» ACTIVITY
Each line of the data below that contains "means" must be copied.

Records excerpted from a collection
>>
(* Let $f\ge 1$ and $k\ge 2$ be integers, let there be $n=kf+1$ validators, each maintaining a local DAG as described in the context (DAG-Rider setting). Let $p_i$ be a correct validator that completes wave $w$, i.e. $DAG_i[\mathit{round}(w,4)]$ contains at least $(k-1)f+1$ vertices. Then there exist $V\subseteq DAG_i[\mathit{round}(w,1)]$ and $U\subseteq DAG_i[\mathit{round}(w,4)]$ with $|V|\ge (k-1)f+1$ and $|U|\ge (k-1)f+1$ such that for every $v\in V$ and every $u\in U$ there is a path from $u$ to $v$.
   Context: Setting: $n=kf+1$ validators $p_1,\dots,p_n$, of which at most $f$ are Byzantine and the rest are correct (honest). All validators' local DAGs are subsets of one common set of vertices. Each vertex has a round number $r\ge 1$ and a source validator; for each validator and each round there is at most one vertex (no equivocation), so any two local DAGs that contain the vertex of a given validator for a given round contain the identical vertex, with identical edges. Every vertex of round $r\ge 2$ has edges to exactly $(k-1)f+1$ vertices of round $r-1$, all with distinct sources. Each validator $p_i$ has a local DAG $DAG_i$, a set of vertices closed under edges (if $u\in DAG_i$ then every vertex $u$ has an edge to is in $DAG_i$). $DAG_i[r]$ denotes the set of round-$r$ vertices of $DAG_i$. $\mathit{path}(u,v)$ ("a path from $u$ to $v$") means there is a sequence of contiguous edges leading from $u$ to $v$. Rounds are grouped into waves of 4 rounds: $\mathit{round}(w,j)=4(w-1)+j$ for $j=1,2,3,4$ and waves $w\ge 1$. A validator completes wave $w$ once its local DAG contains at least $(k-1)f+1$ vertices of $\mathit{round}(w,4)$. *)

theory Defs
  imports Main
begin

definition wround :: "nat \<Rightarrow> nat \<Rightarrow> nat" where
  "wround w j = 4 * (w - 1) + j"

definition layer :: "('v \<Rightarrow> nat) \<Rightarrow> 'v set \<Rightarrow> nat \<Rightarrow> 'v set" where
  "layer rnd D r = {v \<in> D. rnd v = r}"

text \<open>path u v: a nonempty sequence of contiguous edges from u to v, E being the
  edge relation ((x,y) \<in> E means x has an edge to y).\<close>
definition path :: "('v \<times> 'v) set \<Rightarrow> 'v \<Rightarrow> 'v \<Rightarrow> bool" where
  "path E u v \<longleftrightarrow> (u, v) \<in> E\<^sup>+"

end

theory Submission
  imports Defs
begin

text \<open>Every vertex has \<open>m = (k-1)f+1\<close> parents in the previous round, which has at most
  \<open>n = m + f\<close> vertices. Double counting the edges between rounds 3 and 2 of the wave gives a
  round-2 vertex \<open>z\<close> referenced by more than \<open>|Y| - m\<close> of the round-3 vertices \<open>Y\<close>, so by
  pigeonhole each round-4 vertex has a parent referencing \<open>z\<close>. The round-1 parents of \<open>z\<close>
  are then reachable from every round-4 vertex.\<close>

definition parents :: "('v \<times> 'v) set \<Rightarrow> ('v \<Rightarrow> nat) \<Rightarrow> 'v \<Rightarrow> 'v set" where
  "parents E rnd v = {u \<in> E `` {v}. rnd u = rnd v - 1}"

lemma parents_subset_layer:
  assumes "v \<in> layer rnd D r" and "\<forall>u\<in>D. E `` {u} \<subseteq> D"
  shows "parents E rnd v \<subseteq> layer rnd D (r - 1)"
  using assms unfolding parents_def layer_def by auto

lemma inj_on_src_layer:
  assumes "D \<subseteq> Vert" and "\<forall>u\<in>Vert. \<forall>v\<in>Vert. rnd u = rnd v \<and> src u = src v \<longrightarrow> u = v"
  shows "inj_on src (layer rnd D r)"
  using assms unfolding inj_on_def layer_def by blast

lemma Int_nonempty_if_card_add_gt:
  assumes "finite Y" "A \<subseteq> Y" "B \<subseteq> Y" "card Y < card A + card B"
  shows "A \<inter> B \<noteq> {}"
proof
  assume "A \<inter> B = {}"
  then have "card (A \<union> B) = card A + card B"
    using assms(1-3) by (meson card_Un_disjoint finite_subset)
  moreover have "card (A \<union> B) \<le> card Y"
    using assms(1-3) by (simp add: card_mono)
  ultimately show False using assms(4) by simp
qed

lemma exists_popular_parent:
  fixes P :: "'a \<Rightarrow> 'b set"
  assumes fin: "finite Y" "finite Z"
    and P: "\<forall>x\<in>Y. P x \<subseteq> Z \<and> card (P x) = m"
    and Y_bounds: "m \<le> card Y" "card Y \<le> m + f"
    and Z_bound: "card Z \<le> m + f"
    and "f < m"
  shows "\<exists>z\<in>Z. card Y < card {x \<in> Y. z \<in> P x} + m"
proof (rule ccontr)
  assume "\<not> ?thesis"
  then have few: "\<forall>z\<in>Z. card {x \<in> Y. z \<in> P x} \<le> card Y - m" by auto
  obtain t where t: "card Y = m + t" "t \<le> f"
    using Y_bounds by (metis add_le_cancel_left le_iff_add)
  have "m * card Y = (\<Sum>z\<in>Z. card {x \<in> Y. z \<in> P x})"
  proof -
    have "\<forall>x\<in>Y. card {z \<in> Z. z \<in> P x} = m"
      using P by (simp add: Int_absorb1 Collect_conj_eq Int_def[symmetric])
    from sum_multicount[OF fin(2,1) this] show ?thesis by simp
  qed
  also have "\<dots> \<le> card Z * t"
    using sum_bounded_above[of Z _ "card Y - m"] few t by simp
  also have "\<dots> \<le> (m + f) * t"
    using Z_bound by simp
  finally have "m * m + m * t \<le> m * t + f * t"
    using t by (simp add: algebra_simps)
  then have "m * m \<le> f * t" by simp
  also have "\<dots> \<le> f * f" using t(2) by simp
  finally have "m * m \<le> f * f" .
  then show False
    using \<open>f < m\<close> by (metis mult_strict_mono' not_le zero_le)
qed

lemma common_grandparent:
  fixes P :: "'a \<Rightarrow> 'a set"
  assumes fin: "finite Y" "finite Z"
    and P_U: "\<forall>u\<in>U. P u \<subseteq> Y \<and> card (P u) = m"
    and P_Y: "\<forall>x\<in>Y. P x \<subseteq> Z \<and> card (P x) = m"
    and "U \<noteq> {}" "card Y \<le> m + f" "card Z \<le> m + f" "f < m"
  shows "\<exists>z\<in>Z. \<forall>u\<in>U. \<exists>x\<in>P u. z \<in> P x"
proof -
  have "m \<le> card Y"
    using P_U \<open>U \<noteq> {}\<close> fin(1) by (metis card_mono ex_in_conv)
  then obtain z where z: "z \<in> Z" "card Y < card {x \<in> Y. z \<in> P x} + m"
    using exists_popular_parent[OF fin P_Y] assms(6-8) by blast
  have "P u \<inter> {x \<in> Y. z \<in> P x} \<noteq> {}" if "u \<in> U" for u
    using Int_nonempty_if_card_add_gt[OF fin(1), of "P u" "{x \<in> Y. z \<in> P x}"] P_U that z(2)
    by auto
  then show ?thesis using z(1) by blast
qed

theorem lemma2:
  fixes n f k :: nat
    and Vert :: "'v set"            \<comment> \<open>common set of all vertices\<close>
    and rnd :: "'v \<Rightarrow> nat"         \<comment> \<open>round number\<close>
    and src :: "'v \<Rightarrow> nat"         \<comment> \<open>source validator, in {1..n}\<close>
    and E :: "('v \<times> 'v) set"       \<comment> \<open>edges\<close>
    and DAG :: "nat \<Rightarrow> 'v set"     \<comment> \<open>local DAG of validator p_j\<close>
    and Correct :: "nat set"        \<comment> \<open>indices of correct validators\<close>
    and i w :: nat
  assumes f_ge: "f \<ge> 1" and k_ge: "k \<ge> 2" and n_def: "n = k * f + 1"
    and Correct_sub: "Correct \<subseteq> {1..n}"
    and byz: "card ({1..n} - Correct) \<le> f"
    and rnd_pos: "\<forall>v\<in>Vert. rnd v \<ge> 1"
    and src_range: "\<forall>v\<in>Vert. src v \<in> {1..n}"
    and no_equiv: "\<forall>u\<in>Vert. \<forall>v\<in>Vert. rnd u = rnd v \<and> src u = src v \<longrightarrow> u = v"
    and E_sub: "E \<subseteq> Vert \<times> Vert"
    and edges: "\<forall>v\<in>Vert. rnd v \<ge> 2 \<longrightarrow>
                  card {u \<in> E `` {v}. rnd u = rnd v - 1} = (k - 1) * f + 1
                \<and> inj_on src {u \<in> E `` {v}. rnd u = rnd v - 1}"
    and DAG_sub: "\<forall>j\<in>{1..n}. DAG j \<subseteq> Vert"
    and DAG_closed: "\<forall>j\<in>{1..n}. \<forall>u\<in>DAG j. E `` {u} \<subseteq> DAG j"
    and i_correct: "i \<in> Correct"
    and w_ge: "w \<ge> 1"
    and completes: "card (layer rnd (DAG i) (wround w 4)) \<ge> (k - 1) * f + 1"
  shows "\<exists>V U. V \<subseteq> layer rnd (DAG i) (wround w 1) \<and> U \<subseteq> layer rnd (DAG i) (wround w 4)
           \<and> finite V \<and> finite U
           \<and> card V \<ge> (k - 1) * f + 1 \<and> card U \<ge> (k - 1) * f + 1
           \<and> (\<forall>v\<in>V. \<forall>u\<in>U. path E u v)"
proof -
  define m where "m = (k - 1) * f + 1"
  define L where "L r = layer rnd (DAG i) r" for r
  define r1 where "r1 = wround w 1"
  have "i \<in> {1..n}" using i_correct Correct_sub by blast
  then have D_sub: "DAG i \<subseteq> Vert" and D_closed: "\<forall>u\<in>DAG i. E `` {u} \<subseteq> DAG i"
    using DAG_sub DAG_closed by auto
  have L_bound: "finite (L r) \<and> card (L r) \<le> m + f" for r
  proof -
    have inj: "inj_on src (L r)" and range: "src ` L r \<subseteq> {1..n}"
      using inj_on_src_layer[OF D_sub no_equiv] D_sub src_range unfolding L_def layer_def by auto
    have "n = m + f" using k_ge unfolding m_def n_def by (simp add: algebra_simps)
    moreover have "card (L r) \<le> card {1..n}" using card_inj_on_le[OF inj range] by simp
    moreover have "finite (L r)" using inj_on_finite[OF inj range] by simp
    ultimately show ?thesis by simp
  qed
  have P: "parents E rnd v \<subseteq> L (r - 1) \<and> card (parents E rnd v) = m"
    if v: "v \<in> L r" "2 \<le> r" for v r
  proof
    show "parents E rnd v \<subseteq> L (r - 1)"
      using parents_subset_layer[OF _ D_closed] v(1) unfolding L_def by blast
    have "v \<in> Vert" "rnd v = r" using v(1) D_sub unfolding L_def layer_def by auto
    then show "card (parents E rnd v) = m" using edges v(2) unfolding parents_def m_def by auto
  qed
  have "r1 \<ge> 1" "wround w 4 = r1 + 3" unfolding r1_def wround_def by simp_all
  moreover have "f < m" using mult_le_mono1[of 1 "k - 1" f] k_ge unfolding m_def by linarith
  moreover have "L (r1 + 3) \<noteq> {}" using completes \<open>wround w 4 = r1 + 3\<close> unfolding L_def m_def by force
  ultimately obtain z where z: "z \<in> L (r1 + 1)"
    and via: "\<forall>u\<in>L (r1 + 3). \<exists>x\<in>parents E rnd u. z \<in> parents E rnd x"
    using common_grandparent[of "L (r1 + 2)" "L (r1 + 1)" "L (r1 + 3)" "parents E rnd" m f]
      L_bound P[of _ "r1 + 3"] P[of _ "r1 + 2"] by auto
  have "path E u v" if v: "v \<in> parents E rnd z" and u: "u \<in> L (r1 + 3)" for u v
  proof -
    obtain x where "x \<in> parents E rnd u" "z \<in> parents E rnd x" using via u by blast
    then have "(u, x) \<in> E" "(x, z) \<in> E" "(z, v) \<in> E" using v unfolding parents_def by auto
    then show ?thesis unfolding path_def by (meson r_into_trancl trancl_into_trancl)
  qed
  then show ?thesis
    using P[OF z] \<open>r1 \<ge> 1\<close> L_bound completes \<open>wround w 4 = r1 + 3\<close>
    by (intro exI[of _ "parents E rnd z"] exI[of _ "L (r1 + 3)"])
       (auto simp: L_def r1_def m_def intro: finite_subset)
qed

end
<<
» EXERCISE RESPONSE
   Context: Setting: $n=kf+1$ validators $p_1,\dots,p_n$, of which at most $f$ are Byzantine and the rest are correct (honest). All validators' local DAGs are subsets of one common set of vertices. Each vertex has a round number $r\ge 1$ and a source validator; for each validator and each round there is at most one vertex (no equivocation), so any two local DAGs that contain the vertex of a given validator for a given round contain the identical vertex, with identical edges. Every vertex of round $r\ge 2$ has edges to exactly $(k-1)f+1$ vertices of round $r-1$, all with distinct sources. Each validator $p_i$ has a local DAG $DAG_i$, a set of vertices closed under edges (if $u\in DAG_i$ then every vertex $u$ has an edge to is in $DAG_i$). $DAG_i[r]$ denotes the set of round-$r$ vertices of $DAG_i$. $\mathit{path}(u,v)$ ("a path from $u$ to $v$") means there is a sequence of contiguous edges leading from $u$ to $v$. Rounds are grouped into waves of 4 rounds: $\mathit{round}(w,j)=4(w-1)+j$ for $j=1,2,3,4$ and waves $w\ge 1$. A validator completes wave $w$ once its local DAG contains at least $(k-1)f+1$ vertices of $\mathit{round}(w,4)$. *)
  edge relation ((x,y) \<in> E means x has an edge to y).\<close>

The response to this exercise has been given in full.